各戦闘にはスタミナ値が設定されており、キャラクターのスタミナが0になると戦闘に参加できなくなる。ただし、時間経過もしくはアイテムでこれを回復できる。ストーリーを進めることで、挑戦できるトライアルも増えていくので、やり込み要素はじゅうぶんだ。

ストーリーを解くことで、そのマップのトライアルクエストに挑戦できるようになる

経験値の取得率がいいデイリーの出撃クエストは、ストーリーを進める余裕がないときでも、できるだけプレイしておきたい

1年分運営ノウハウが反映されている

ゲーム内容はブラウザ版と同様。つまり、昨年末にサービスインし、その後に拡張、改良を続けて来たブラウザ版の有形無形のもろもろが、そのまま反映されているということだ。UIなどの基本的な部分はもちろんだが、スカウトで取得できるキャラクターの制限撤廃など、細かなところもブラウザ版の初期より遊びやすくなっている。

また、新しくスタートするユーザーのためのフォローイベントも、ブラウザ版、スマホ版で同時に開催されている。サウンドの面でも、各キャラクターのボイスを演じているM・A・Oさん、南条愛乃さん、内田真礼さんなど、お世辞抜きに豪華なメンバーとなっているし、音楽は『ストリートファイターII』『フロントミッション』『キングダムハーツ』の下村陽子さんである。
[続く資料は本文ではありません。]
lemma sq_moment_1_legendre:
  assumes "n \<ge> 1"
  shows "sq_moment 1 (legendre n) = 0"
proof -
  have "4 * (real n * (real n + 1) * sq_moment 1 (legendre n))
      = poly ([:-1, 0, 1:] * pderiv (legendre n)) 1 - poly ([:-1, 0, 1:] * pderiv (legendre n)) (-1)"
    using sq_moment_1_pderiv[of "[:-1, 0, 1:] * pderiv (legendre n)"]
    by (simp only: legendre_ode sq_moment_smult)
  then show ?thesis
    using assms by simp
qed

lemma sq_moment_0_pderiv_legendre:
  "sq_moment 0 (pderiv (legendre n))
     = (1 - sq_moment 0 (legendre n)) / 4 - real n * (real n + 1) * sq_moment 0 (legendre n)"
  using sq_moment_pderiv[of 0 "legendre n"]
    sq_moment_0_pderiv_sq_minus_one_mult[of "pderiv (legendre n)"]
  unfolding legendre_ode sq_moment_smult by (simp add: numeral_2_eq_2)

lemma sq_moment_0_legendre_recurrence:
  "(2 * real k + 5)\<^sup>2 * sq_moment 0 (legendre (Suc (Suc k)))
     = (2 * real k + 1)\<^sup>2 * sq_moment 0 (legendre k)
       - 4 * (2 * real k + 3) * sq_moment 0 (legendre (Suc k))"
  using arg_cong[OF pderiv_legendre_Suc_Suc[of k], of "sq_moment 0"]
  unfolding sq_moment_add sq_moment_smult sq_moment_0_pderiv_legendre
  by (simp add: field_simps power2_eq_square)

lemma sq_moment_0_legendre: "sq_moment 0 (legendre n) = (-1) ^ n / (2 * real n + 1)"
proof (induction n rule: induct_nat_012)
  case 0
  show ?case
    by (simp add: sq_moment_def)
next
  case 1
  have "sq_moment 0 [:1:] = 1"
    by (simp add: sq_moment_def)
  then show ?case
    using sq_moment_0_pderiv_legendre[of 1]
    by (simp add: pderiv_pCons legendre_1[unfolded One_nat_def] field_simps)
next
  case (ge2 k)
  have "(2 * real k + 1)\<^sup>2 * ((-1) ^ k / (2 * real k + 1)) = (2 * real k + 1) * (-1) ^ k"
    by (simp add: power2_eq_square)
  moreover have "4 * (2 * real k + 3) * ((-1) ^ Suc k / (2 * real (Suc k) + 1)) = - 4 * (-1) ^ k"
    by (simp add: field_simps)
  ultimately have "(2 * real k + 5) * ((2 * real k + 5) * sq_moment 0 (legendre (Suc (Suc k))))
      = (2 * real k + 5) * (-1) ^ k"
    using sq_moment_0_legendre_recurrence[of k] unfolding ge2
    by (simp add: algebra_simps power2_eq_square)
  then have "(2 * real k + 5) * sq_moment 0 (legendre (Suc (Suc k))) = (-1) ^ k"
    by (subst (asm) mult_cancel_left) linarith
  then show ?case
    by (simp add: field_simps)
qed

lemma sq_moment_2_pderiv_legendre:
  "sq_moment 2 (pderiv (legendre n)) = (1 - (-1) ^ n / (2 * real n + 1)) / 4"
  using sq_moment_pderiv[of 0 "legendre n"] by (simp add: sq_moment_0_legendre del: add_2_eq_Suc')

lemma sq_moment_3_pderiv_legendre:
  assumes "n \<ge> 1"
  shows "sq_moment 3 (pderiv (legendre n)) = 1 / 4"
  using sq_moment_pderiv[of 1 "legendre n"] sq_moment_1_legendre[OF assms] by (simp del: add_2_eq_Suc')

lemma continuous_on_mult_ln: "continuous_on {0..} (\<lambda>s::real. s * ln s)"
  unfolding continuous_on_eq_continuous_within
proof
  fix s :: real
  assume "s \<in> {0..}"
  show "continuous (at s within {0..}) (\<lambda>s. s * ln s)"
  proof (cases "s = 0")
    case True
    have "((\<lambda>s::real. s * ln s) \<longlongrightarrow> 0) (at_right 0)"
      by real_asymp
    then show ?thesis
      using True by (simp add: continuous_within at_within_Ici_at_right)
  next
    case False
    with \<open>s \<in> {0..}\<close> have "isCont (\<lambda>s. s * ln s) s"
      by (intro continuous_intros) auto
    then show ?thesis
      by (rule continuous_at_imp_continuous_within)
  qed
qed

lemma continuous_on_ln_one_minus_sqrt_mult:
  assumes "continuous_on {0..1} f"
  shows "continuous_on {0..1} (\<lambda>x. ln (1 - sqrt x) * ((1 - x) * f x))"
proof -
  have "continuous_on {0..1} (\<lambda>x. (1 - sqrt x) * ln (1 - sqrt x))"
    by (rule continuous_on_compose2[OF continuous_on_mult_ln]) (intro continuous_intros, auto)
  then have "continuous_on {0..1} (\<lambda>x. ((1 - sqrt x) * ln (1 - sqrt x)) * ((1 + sqrt x) * f x))"
    by (rule continuous_on_mult) (intro continuous_intros assms)
  then show ?thesis
  proof (rule continuous_on_eq)
    fix x :: real
    assume "x \<in> {0..1}"
    then have "(1 - sqrt x) * (1 + sqrt x) = 1 - x"
      by (simp add: algebra_simps)
    then show "((1 - sqrt x) * ln (1 - sqrt x)) * ((1 + sqrt x) * f x)
        = ln (1 - sqrt x) * ((1 - x) * f x)"
      by (metis mult.assoc mult.left_commute)
  qed
qed

lemma has_real_derivative_ln_one_minus_sqrt:
  assumes "0 < x" "x < 1"
  shows "((\<lambda>x. ln (1 - sqrt x)) has_real_derivative
           - inverse (2 * sqrt x * (1 - sqrt x))) (at x)"
  using assms by (auto intro!: derivative_eq_intros simp: field_simps)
ブラウザ版と同じで、1点だけ不満があった。マナーモードに対応していないのだ。ゲームの音声を切るにはスマホ本体の音量を0にするか、ゲーム内設定で音を切るしかない。さらに画面固定で、スマホの持ち変えに対応していないことも細かなストレスとなった

すでに一定の評価がなされている作品の完全移植であるし、ゲームの出来栄えとしては文句ない。攻略情報もブラウザ版と共有できるので、安心してむだなく遊べる点も高評価である。攻略本世代としては、特にこの部分が本当にありがたい。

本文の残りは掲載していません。